As the secular calendar turns to All Hallows Eve and the Church prepares to celebrate All Saint’s/All Soul’s Day on November 1 and 2, I feel like this last day of my work week is the perfect to time to restart my blogging routine so that I can hit the ground running come Monday.  Given where I’ve been over the past week and half, I feel like a reflection on the nature of All Saint’s Day is particularly appropriate, but you’ll have to forgive me if I ignore the RCL lections this week and instead hearken back to the good old days when Ecclesiasticus 44 was read in Episcopal congregations on All Saint’s Day.  For those who don’t have a Bible with the Apocryphal and Deuterocanonical books in it, Ecclesiasticus is an intertestimental book written somewhere in early 100s BC (198-180) by Jesus son of Eleazar son of Sirach and is often also referred to as “Sirach” or “The Wisdon of Jesus (Joshua) Son of Sirach.”  According to my Harper Collins Study Bible, Ecclesiasticus’ great achievement was “to combine the learning typical for the ancient Near Eastern and Israelite wisdom traditions with the commandments of Moses found in the Torah.”  A noble task, to be sure, but because the text is so long and the Apocryphal is used so infrequently, (even less now that we’re RCL) most of this book is left to obscurity.

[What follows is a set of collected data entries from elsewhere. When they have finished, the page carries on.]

lemma set_nn_integral_Icc_sq_dev_le:
  fixes S f :: "real \<Rightarrow> real"
  assumes S_deriv: "\<And>x. (S has_real_derivative - f x) (at x)"
    and f_cont: "continuous_on UNIV f" and S_nonneg: "\<And>x. 0 \<le> S x"
    and "0 < c" and hazard: "\<And>x. t \<le> x \<Longrightarrow> c * S x \<le> f x" and "t \<le> T"
  shows "(\<integral>\<^sup>+x\<in>{t..T}. ennreal (f x * (x - t)\<^sup>2) \<partial>lborel) \<le> ennreal (2 * S t / c\<^sup>2)"
proof -
  \<comment> \<open>q solves c (q u - u^2) = q' u, so f \<ge> c S makes \<Phi>' dominate f (x - t)^2.\<close>
  define q where "q u = u\<^sup>2 + 2 * u / c + 2 / c\<^sup>2" for u
  define \<Phi> where "\<Phi> x = - S x * q (x - t)" for x
  define \<phi> where "\<phi> x = f x * q (x - t) - S x * (2 * (x - t) + 2 / c)" for x
  have "(\<Phi> has_real_derivative \<phi> x) (at x)" for x
    unfolding \<Phi>_def \<phi>_def q_def using \<open>0 < c\<close>
    by (auto intro!: derivative_eq_intros S_deriv simp: field_simps power2_eq_square)
  moreover have "isCont \<phi> x" for x
    using f_cont DERIV_isCont[OF S_deriv] \<open>0 < c\<close>
    by (auto simp: \<phi>_def[abs_def] q_def continuous_on_eq_continuous_at intro!: continuous_intros)
  ultimately have FTC: "has_bochner_integral lborel (\<lambda>x. \<phi> x * indicator {t..T} x) (\<Phi> T - \<Phi> t)"
    by (intro has_bochner_integral_FTC_Icc_real[OF \<open>t \<le> T\<close>])
  have dominated: "f x * (x - t)\<^sup>2 \<le> \<phi> x" if "t \<le> x" for x
  proof -
    have "\<phi> x - f x * (x - t)\<^sup>2 = (f x - c * S x) * (2 * (x - t) / c + 2 / c\<^sup>2)"
      using \<open>0 < c\<close> by (simp add: \<phi>_def q_def field_simps power2_eq_square)
    also have "\<dots> \<ge> 0"
      using hazard[OF that] that \<open>0 < c\<close> by (intro mult_nonneg_nonneg) auto
    finally show ?thesis by simp
  qed
  have \<phi>_nonneg: "0 \<le> \<phi> x * indicator {t..T} x" for x
  proof (cases "x \<in> {t..T}")
    case True
    have "0 \<le> c * S x"
      using S_nonneg[of x] \<open>0 < c\<close> by simp
    then have "0 \<le> f x * (x - t)\<^sup>2"
      using hazard[of x] True by simp
    with dominated[of x] True show ?thesis by simp
  qed simp
  have "(\<integral>\<^sup>+x\<in>{t..T}. ennreal (f x * (x - t)\<^sup>2) \<partial>lborel)
      \<le> (\<integral>\<^sup>+x. ennreal (\<phi> x * indicator {t..T} x) \<partial>lborel)"
    by (intro nn_integral_mono) (auto simp: dominated intro!: ennreal_leI split: split_indicator)
  also have "\<dots> = ennreal (\<Phi> T - \<Phi> t)"
    using FTC \<phi>_nonneg
    by (simp add: nn_integral_eq_integral integrable.intros has_bochner_integral_integral_eq)
  also have "\<dots> \<le> ennreal (2 * S t / c\<^sup>2)"
  proof (intro ennreal_leI)
    have "0 \<le> q (T - t)"
      using \<open>0 < c\<close> \<open>t \<le> T\<close> by (simp add: q_def)
    then have "\<Phi> T \<le> 0"
      using S_nonneg[of T] by (simp add: \<Phi>_def)
    moreover have "\<Phi> t = - (2 * S t / c\<^sup>2)"
      by (simp add: \<Phi>_def q_def)
    ultimately show "\<Phi> T - \<Phi> t \<le> 2 * S t / c\<^sup>2"
      by simp
  qed
  finally show ?thesis .
qed


lemma set_nn_integral_tail_sq_dev_le:
  fixes S f :: "real \<Rightarrow> real"
  assumes S_deriv: "\<And>x. (S has_real_derivative - f x) (at x)"
    and f_cont: "continuous_on UNIV f" and S_nonneg: "\<And>x. 0 \<le> S x"
    and "0 < c" and hazard: "\<And>x. t \<le> x \<Longrightarrow> c * S x \<le> f x"
  shows "(\<integral>\<^sup>+x\<in>{t..}. ennreal (f x * (x - t)\<^sup>2) \<partial>lborel) \<le> ennreal (2 * S t / c\<^sup>2)"
proof (rule nn_integral_atLeast_le_if_Icc_le)
  have [measurable]: "f \<in> borel_measurable borel"
    using f_cont by (rule borel_measurable_continuous_onI)
  show "(\<lambda>x. ennreal (f x * (x - t)\<^sup>2)) \<in> borel_measurable borel"
    by measurable
qed (rule set_nn_integral_Icc_sq_dev_le[OF assms])

lemma ereal_eq_infinity_if_inverse_sq_le:
  fixes V :: ereal
  assumes "0 < k" and bound: "\<And>b. 0 < b \<Longrightarrow> ereal (1 / (k * b\<^sup>2)) \<le> V"
  shows "V = \<infinity>"
proof (rule ccontr)
  assume "V \<noteq> \<infinity>"
  moreover have "0 \<le> V"
    using order_trans[OF _ bound[OF zero_less_one]] \<open>0 < k\<close> by simp
  ultimately obtain v where "V = ereal v"
    by (cases V) auto
  define b where "b = sqrt (1 / (k * (\<bar>v\<bar> + 1)))"
  have "0 < b"
    using \<open>0 < k\<close> by (simp add: b_def add_pos_nonneg)
  moreover have "1 / (k * b\<^sup>2) = \<bar>v\<bar> + 1"
    using \<open>0 < k\<close> by (simp add: b_def add_pos_nonneg)
  ultimately show False
    using bound[of b] \<open>V = ereal v\<close> by simp
qed

lemma inverse_mult_SUP_sq_le:
  fixes h :: "'b \<Rightarrow> real" and V :: ereal
  assumes "H \<noteq> {}" and "0 < k" and "0 \<le> V"
    and bound: "\<And>b. 0 < b \<Longrightarrow> (\<And>x. x \<in> H \<Longrightarrow> h x \<le> b) \<Longrightarrow> ereal (1 / (k * b\<^sup>2)) \<le> V"
  shows "inverse (ereal k * (SUP x \<in> H. ereal ((h x)\<^sup>2))) \<le> V"
proof -
  define \<Sigma> where "\<Sigma> = (SUP x \<in> H. ereal ((h x)\<^sup>2))"
  have "0 \<le> \<Sigma>"
    using \<open>H \<noteq> {}\<close> unfolding \<Sigma>_def by (metis SUP_upper2 ereal_less_eq(5) ex_in_conv zero_le_power2)
  have le_sqrt: "h x \<le> sqrt s" if "\<Sigma> = ereal s" and "x \<in> H" for s x
  proof -
    have "ereal ((h x)\<^sup>2) \<le> \<Sigma>"
      unfolding \<Sigma>_def using \<open>x \<in> H\<close> by (rule SUP_upper)
    then have "(h x)\<^sup>2 \<le> s"
      using \<open>\<Sigma> = ereal s\<close> by simp
    then show ?thesis by (rule real_le_rsqrt)
  qed
  show ?thesis
  proof (cases \<Sigma>)
    case PInf
    then show ?thesis using \<open>0 < k\<close> \<open>0 \<le> V\<close> by (simp add: \<Sigma>_def)
  next
    case MInf
    then show ?thesis using \<open>0 \<le> \<Sigma>\<close> by simp
  next
    case (real s)
    show ?thesis
    proof (cases "s = 0")
      case False
      then have "0 < s" using \<open>0 \<le> \<Sigma>\<close> real by simp
      have "ereal (1 / (k * (sqrt s)\<^sup>2)) \<le> V"
        using \<open>0 < s\<close> le_sqrt[OF real] by (intro bound) auto
      then show ?thesis
        using real \<open>0 < s\<close> \<open>0 < k\<close> by (simp add: \<Sigma>_def inverse_eq_divide)
    next
      case True
      \<comment> \<open>h \<le> 0 on H, so the hypothesis holds for every b > 0.\<close>
      have "V = \<infinity>"
        using le_sqrt[OF real] True \<open>0 < k\<close>
        by (intro ereal_eq_infinity_if_inverse_sq_le[of k] bound) force+
      then show ?thesis by simp
    qed
  qed
qed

This is a real shame because the lesson from Ecc 44 is quite possibly one of the most beautiful passages in Scripture.  The NRSV translates verses 1-10 and 13-14 this way:

Let us now sing the praises of famous men, our ancestors in their generations. The Lord apportioned to them great glory, his majesty from the beginning. There were those who ruled in their kingdoms, and made a name for themselves by their valor; those who gave counsel because they were intelligent; those who spoke in prophetic oracles; those who led the people by their counsels and by their knowledge of the people’s lore; they were wise in their words of instruction: those who composed musical tunes, or put verses in writing; rich men endowed with resources, living peacefully in their homes–all these were honored in their generations, and were the pride of their times. Some of them have left behind a name, so that others declare their praise. But of others there is no memory; they have perished as though they had never existed; they have become as though they had never been born, they and their children after them. But these also were godly men, whose righteous deeds have not been forgotten; Their offspring will continue forever, and their glory will never be blotted out. Their bodies are buried in peace, but their name lives on generation after generation.

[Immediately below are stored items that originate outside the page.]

lemma integral_circle_unif:
  fixes h :: "complex \<Rightarrow> complex"
  assumes [measurable]: "h \<in> borel_measurable borel"
  shows "integral\<^sup>L circle_unif h = (\<integral>t. indicator {0..2*pi} t *\<^sub>R h (cis t) \<partial>lborel) / (2*pi)"
proof -
  have "integral\<^sup>L circle_unif h = (\<integral>t. h (cis t) \<partial>uniform_measure lborel {0..<2*pi})"
    unfolding circle_unif_def by (rule integral_distr) auto
  also have "\<dots> = (\<integral>t. (indicator {0..<2*pi} t / (2*pi)) *\<^sub>R h (cis t) \<partial>lborel)"
    unfolding uniform_measure_Ico_2pi by (rule integral_density) auto
  also have "\<dots> = (\<integral>t. (1 / (2*pi)) *\<^sub>R (indicator {0..2*pi} t *\<^sub>R h (cis t)) \<partial>lborel)"
    using AE_lborel_singleton[of "2*pi"]
    by (intro integral_cong_AE) (auto elim!: eventually_mono split: split_indicator)
  also have "\<dots> = (\<integral>t. indicator {0..2*pi} t *\<^sub>R h (cis t) \<partial>lborel) / (2*pi)"
    by (simp only: integral_scaleR_right) (simp add: scaleR_conv_of_real field_simps)
  finally show ?thesis .
qed

lemma integral_cis_int_multiple:
  fixes k :: int
  shows "(\<integral>t. indicator {0..2*pi} t *\<^sub>R cis (of_int k * t) \<partial>lborel) = (if k = 0 then 2 * pi else 0)"
proof (cases "k = 0")
  case True
  have "(\<integral>t. indicator {0..2*pi} t *\<^sub>R (1::complex) \<partial>lborel) = of_real (2*pi) - of_real 0"
    by (intro integral_FTC_atLeastAtMost) (auto intro!: derivative_eq_intros)
  with True show ?thesis by simp
next
  case False
  define F where "F t = cis (of_int k * t) / (\<i> * of_int k)" for t
  have "(F has_vector_derivative cis (of_int k * t)) (at t within S)" for t S
  proof -
    have "((\<lambda>t. cis (of_int k * t)) has_vector_derivative \<i> * of_int k * cis (of_int k * t)) (at t within S)"
      unfolding has_vector_derivative_def
      by (rule has_derivative_eq_rhs, rule has_derivative_cis)
        (auto intro!: derivative_eq_intros simp: fun_eq_iff scaleR_conv_of_real algebra_simps)
    from has_vector_derivative_divide[OF this, of "\<i> * of_int k"] False show ?thesis
      unfolding F_def by simp
  qed
  then have "(\<integral>t. indicator {0..2*pi} t *\<^sub>R cis (of_int k * t) \<partial>lborel) = F (2*pi) - F 0"
    by (intro integral_FTC_atLeastAtMost) (auto intro!: continuous_intros)
  moreover have "cis (of_int k * (2*pi)) = 1"
    using cis_multiple_2pi[of "of_int k"] by (simp add: mult.commute)
  ultimately show ?thesis
    using False by (simp add: F_def)
qed

lemma borel_measurable_monomial_cnj: "(\<lambda>z::complex. z ^ a * cnj z ^ b) \<in> borel_measurable borel"
  by (intro borel_measurable_continuous_onI continuous_intros)

lemma circle_unif_moment:
  "integrable circle_unif (\<lambda>z. z ^ a * cnj z ^ b)"
  "integral\<^sup>L circle_unif (\<lambda>z. z ^ a * cnj z ^ b) = (if a = b then 1 else 0)"
proof -
  interpret prob_space circle_unif by (rule prob_space_circle_unif)
  show "integrable circle_unif (\<lambda>z. z ^ a * cnj z ^ b)"
  proof (rule integrable_const_bound[where B=1])
    show "AE z in circle_unif. norm (z ^ a * cnj z ^ b) \<le> 1"
      unfolding circle_unif_def by (subst AE_distr_iff) (auto simp: norm_mult norm_power)
  qed (simp add: circle_unif_def borel_measurable_monomial_cnj)
  define k where "k = int a - int b"
  have "cis t ^ a * cnj (cis t) ^ b = cis (of_int k * t)" for t
  proof -
    have "cis t ^ a * cnj (cis t) ^ b = cis (real a * t) * cis (real b * - t)"
      unfolding cis_cnj Complex.DeMoivre ..
    also have "\<dots> = cis (of_int k * t)"
      unfolding cis_mult k_def by (simp add: algebra_simps)
    finally show ?thesis .
  qed
  moreover have "k = 0 \<longleftrightarrow> a = b"
    unfolding k_def by simp
  ultimately show "integral\<^sup>L circle_unif (\<lambda>z. z ^ a * cnj z ^ b) = (if a = b then 1 else 0)"
    by (simp add: integral_circle_unif[OF borel_measurable_monomial_cnj] integral_cis_int_multiple)
qed

lemma steinhaus_prod_moment:
  fixes Q :: "nat set" and a b :: "nat \<Rightarrow> nat"
  assumes "finite Q"
  shows "integrable steinhaus (\<lambda>\<omega>. \<Prod>p\<in>Q. \<omega> p ^ a p * cnj (\<omega> p) ^ b p)"
    and "integral\<^sup>L steinhaus (\<lambda>\<omega>. \<Prod>p\<in>Q. \<omega> p ^ a p * cnj (\<omega> p) ^ b p) =
          (if \<forall>p\<in>Q. a p = b p then 1 else 0)"
proof -
  interpret circle: prob_space circle_unif by (rule prob_space_circle_unif)
  interpret product_prob_space "\<lambda>_::nat. circle_unif" UNIV by unfold_locales
  define G where "G y = (\<Prod>p\<in>Q. y p ^ a p * cnj (y p) ^ b p)" for y :: "nat \<Rightarrow> complex"
  have G: "integrable (PiM Q (\<lambda>_. circle_unif)) G"
    "integral\<^sup>L (PiM Q (\<lambda>_. circle_unif)) G = (\<Prod>p\<in>Q. if a p = b p then 1 else 0)"
    unfolding G_def
    by (rule product_integrable_prod[OF assms circle_unif_moment(1)])
      (simp add: product_integral_prod[OF assms circle_unif_moment(1)] circle_unif_moment(2))
  have restrict: "(\<lambda>\<omega>. restrict \<omega> Q) \<in> measurable steinhaus (PiM Q (\<lambda>_. circle_unif))"
    unfolding steinhaus_def by (rule measurable_restrict_subset) simp
  have distr: "distr steinhaus (PiM Q (\<lambda>_. circle_unif)) (\<lambda>\<omega>. restrict \<omega> Q) = PiM Q (\<lambda>_. circle_unif)"
    unfolding steinhaus_def using assms by (rule distr_PiM_restrict_finite) simp
  have G_restrict: "G (restrict \<omega> Q) = (\<Prod>p\<in>Q. \<omega> p ^ a p * cnj (\<omega> p) ^ b p)" for \<omega>
    unfolding G_def by (rule prod.cong) auto
  have G_meas: "G \<in> borel_measurable (PiM Q (\<lambda>_. circle_unif))"
    using G(1) by (rule borel_measurable_integrable)
  show "integrable steinhaus (\<lambda>\<omega>. \<Prod>p\<in>Q. \<omega> p ^ a p * cnj (\<omega> p) ^ b p)"
    using integrable_distr_eq[OF restrict G_meas] G(1) distr by (simp add: G_restrict)
  have "(\<Prod>p\<in>Q. if a p = b p then 1 else 0 :: complex) = (if \<forall>p\<in>Q. a p = b p then 1 else 0)"
    using assms by (auto simp: prod_zero_iff)
  then show "integral\<^sup>L steinhaus (\<lambda>\<omega>. \<Prod>p\<in>Q. \<omega> p ^ a p * cnj (\<omega> p) ^ b p) =
          (if \<forall>p\<in>Q. a p = b p then 1 else 0)"
    using integral_distr[OF restrict G_meas] G(2) distr by (simp add: G_restrict)
qed

lemma alpha_eq_prod_superset:
  assumes "n > 0" "finite Q" "prime_factors n \<subseteq> Q" "\<forall>p\<in>Q. prime p"
  shows "alpha \<omega> n = (\<Prod>p\<in>Q. \<omega> p ^ multiplicity p n)"
  unfolding alpha_def
proof (rule prod.mono_neutral_left[OF assms(2,3)])
  show "\<forall>p\<in>Q - prime_factors n. \<omega> p ^ multiplicity p n = 1"
    using assms by (auto simp: in_prime_factors_iff not_dvd_imp_multiplicity_0)
qed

As my family continues to cope with the sudden loss of my aunt and uncle, this passage speaks to me in ways it has not in years past.  My aunt and uncle became famous, at least in death, for their requisite 15 minutes, as two of five killed in a particularly terrible accident in a place where five people don’t die at once with much regularity.  Their lives became something of a point of interest for a few days, but by now, David A. Russell and Michelle G. Russell, both now buried in peace, can probably be counted as those who have perished as though they had never existed.  Except no one really perishes that way, or at least only a few very unfortunate souls do.  The vast majority of human beings, when they perish, are remembered by at least one other person.  Our lives are constantly intersecting with others.  We were created by the Triune God of Relationship to be in relationship.  We are all blessed to know and be known by others.

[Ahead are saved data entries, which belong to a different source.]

(* Let $C'=(C'(1),\ldots,C'(c'))$ be a sequence of distinct positive integers and let $S$ be a set of $c$ positive integers, $c\in\{c',c'+1\}$, such that if $s_1<\cdots<s_c$ are the elements of $S$ and $t_1<\cdots<t_{c'}$ are the entries of $C'$ in increasing order, then $s_r\le t_r$ for all $r\le c'$. Then the two-column configuration $(\widehat C,C')$ is HHL.
   Context: A column is a finite sequence of entries listed top to bottom (entry in row $r$ is its $r$-th term). The column $\widehat C=(\widehat C(1),\ldots,\widehat C(c))$ is built from $S$ and $C'$ as follows: every $x\in S\cap C'$ is placed in the row where $x$ occurs in $C'$; if $c=c'+1$, the largest element of $S\setminus C'$ is placed in row $c$; the remaining elements of $S\setminus C'$ (there are exactly $|C'\setminus S|$ of them), taken in decreasing order, are placed in the rows occupied in $C'$ by the elements of $C'\setminus S$ taken in decreasing order (the $k$-th largest next to the $k$-th largest). A two-column configuration $(C,C')$ with left column $C$ of length $c$ and right column $C'$ of length $c'$, $c\in\{c',c'+1\}$, is HHL if the entries of $C$ are distinct, the entries of $C'$ are distinct, $C(j)\ne C'(r)$ whenever $r<j$, and $C(r)\le C'(r)$ for all $r\le c'$. *)

theory Defs
  imports Main
begin

text \<open>Columns are lists; row r (1-based) of a column is list index r-1 (0-based).\<close>

text \<open>Elements of S not in C' that are used to fill rows of C' occupied by entries of C'\S:
  if c = c'+1 the largest element of S\C' is removed (it goes to the last row).\<close>
definition chat_remaining :: "nat set \<Rightarrow> nat list \<Rightarrow> nat set" where
  "chat_remaining S C' =
     (if card S = length C' + 1 then (S - set C') - {Max (S - set C')} else S - set C')"

text \<open>For x = C'!i not in S, its 0-based rank among C'\S in decreasing order is the number of
  elements of C'\S larger than x; it receives the element of the same rank among the
  remaining elements of S\C' in decreasing order.\<close>
definition chat_entry :: "nat set \<Rightarrow> nat list \<Rightarrow> nat \<Rightarrow> nat" where
  "chat_entry S C' i =
     (if i < length C' then
        (if C' ! i \<in> S then C' ! i
         else rev (sorted_list_of_set (chat_remaining S C'))
                ! card {y \<in> set C' - S. C' ! i < y})
      else Max (S - set C'))"

definition chat :: "nat set \<Rightarrow> nat list \<Rightarrow> nat list" where
  "chat S C' = map (chat_entry S C') [0..<card S]"

definition HHL :: "nat list \<Rightarrow> nat list \<Rightarrow> bool" where
  "HHL C C' \<longleftrightarrow>
     (length C = length C' \<or> length C = length C' + 1) \<and>
     distinct C \<and> distinct C' \<and>
     (\<forall>r j. r < j \<and> j < length C \<and> r < length C' \<longrightarrow> C ! j \<noteq> C' ! r) \<and>
     (\<forall>r < length C'. C ! r \<le> C' ! r)"

end

theory Submission
  imports Defs
begin

text \<open>Rows of \<open>C'\<close> whose entry lies in \<open>S\<close> keep that entry, and every other entry of
  \<open>\<widehat>C\<close> comes from \<open>S \ C'\<close>; this already gives distinctness and the condition
  \<open>\<widehat>C(j) \<noteq> C'(r)\<close>. For the row order, let \<open>b \<in> C' \ S\<close> have \<open>m\<close> larger elements in
  \<open>C' \ S\<close>, so that \<open>b\<close> receives the \<open>(m+1)\<close>-st largest remaining element of \<open>S \ C'\<close>.
  This element is at most \<open>b\<close> as soon as at most \<open>m\<close> remaining elements exceed \<open>b\<close>. The
  dominance \<open>s\<^sub>r \<le> t\<^sub>r\<close> says that \<open>S\<close> has at most \<open>c - c'\<close> more elements above \<open>b\<close>
  than \<open>C'\<close> does; cancelling the common part \<open>S \<inter> C'\<close>, the elements of \<open>S \ C'\<close> above
  \<open>b\<close> exceed \<open>m\<close> by at most \<open>c - c'\<close>, and when \<open>c = c' + 1\<close> the discarded maximum of
  \<open>S \ C'\<close> is one of them.\<close>

lemma card_greater_nth_strict_sorted:
  fixes xs :: "'a::linorder list"
  assumes "sorted_wrt (<) xs" and "i < length xs"
  shows "card {x \<in> set xs. xs ! i < x} = length xs - Suc i"
proof -
  have less_iff: "xs ! i < xs ! j \<longleftrightarrow> i < j" if "j < length xs" for j
    using assms that by (metis not_less_iff_gr_or_eq sorted_wrt_nth_less order.asym)
  have "{x \<in> set xs. xs ! i < x} = (!) xs ` {Suc i..<length xs}"
    using less_iff by (auto simp: in_set_conv_nth)
  moreover have "inj_on ((!) xs) {Suc i..<length xs}"
    using assms(1) by (simp add: inj_on_nth strict_sorted_iff)
  ultimately show ?thesis
    by (simp add: card_image)
qed

lemma card_greater_rev_sorted_list_of_set_nth:
  fixes X :: "'a::linorder set"
  assumes "finite X" and "m < card X"
  shows "card {x \<in> X. rev (sorted_list_of_set X) ! m < x} = m"
  using assms card_greater_nth_strict_sorted[of "sorted_list_of_set X" "card X - Suc m"]
  by (simp add: rev_nth)

lemma rev_sorted_list_of_set_nth_card_greater:
  fixes X :: "'a::linorder set"
  assumes "finite X" and "b \<in> X"
  shows "rev (sorted_list_of_set X) ! card {x \<in> X. b < x} = b"
proof -
  let ?xs = "sorted_list_of_set X"
  obtain j where j: "j < card X" "b = ?xs ! j"
    using assms by (metis in_set_conv_nth length_sorted_list_of_set set_sorted_list_of_set)
  then have "card {x \<in> X. b < x} = card X - Suc j"
    using assms card_greater_nth_strict_sorted[of ?xs j] by simp
  with j show ?thesis
    by (simp add: rev_nth Suc_diff_Suc)
qed

lemma rev_sorted_list_of_set_nth_mem:
  fixes X :: "'a::linorder set"
  assumes "finite X" and "m < card X"
  shows "rev (sorted_list_of_set X) ! m \<in> X"
  using assms by (metis length_rev length_sorted_list_of_set nth_mem set_rev set_sorted_list_of_set)

lemma rev_sorted_list_of_set_nth_le:
  fixes X :: "'a::linorder set"
  assumes "finite X" and "m < card X" and "card {x \<in> X. b < x} \<le> m"
  shows "rev (sorted_list_of_set X) ! m \<le> b"
proof (rule ccontr)
  let ?v = "rev (sorted_list_of_set X) ! m"
  assume "\<not> ?v \<le> b"
  moreover have "?v \<in> X"
    using assms(1,2) by (rule rev_sorted_list_of_set_nth_mem)
  ultimately have "insert ?v {x \<in> X. ?v < x} \<subseteq> {x \<in> X. b < x}"
    by auto
  then have "card (insert ?v {x \<in> X. ?v < x}) \<le> card {x \<in> X. b < x}"
    using assms(1) by (intro card_mono) auto
  moreover have "card (insert ?v {x \<in> X. ?v < x}) = Suc m"
    using assms(1,2) by (simp add: card_greater_rev_sorted_list_of_set_nth)
  ultimately show False
    using assms(3) by simp
qed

Which is, I think, what makes All Saints’ Day so important a feast day.  We remember all those who lives are closely linked with ours, and, if we’re lucky, we take the time to reflect upon those whose lives maybe weren’t so closely linked.  May their souls and the souls of all the departed, by the mercy of God, rest in peace.


5 thoughts on “Rest in Peace

  1. I admire the Jewish faith and their commitment to remember by naming their children after ancestors. That’s such a beautiful way to make certain that one is not forgotten.

  2. Pingback: Who will dance with me?

  3. Thanks so much. This is one of my favorite passages! There’s also Nehemiah’s “Remember me, O Lord, for good”.
    I do believe in the Communion of Saints, at all times and all places. Also, like a quote from the Reverend Peter Marshall, who I think was a U.S. Senate chaplain: “Those we love, are with God and God is with us, so they can never be very far from us.” I’m not certain that every word in this quote is correct but it is correct as much as I can recall.
    All Saints is my birthday and I happily remember playing for an All Saints Sunday service at St. Paul’s. I think God will always remember each one of us. My hope is in God to be once more with those I love.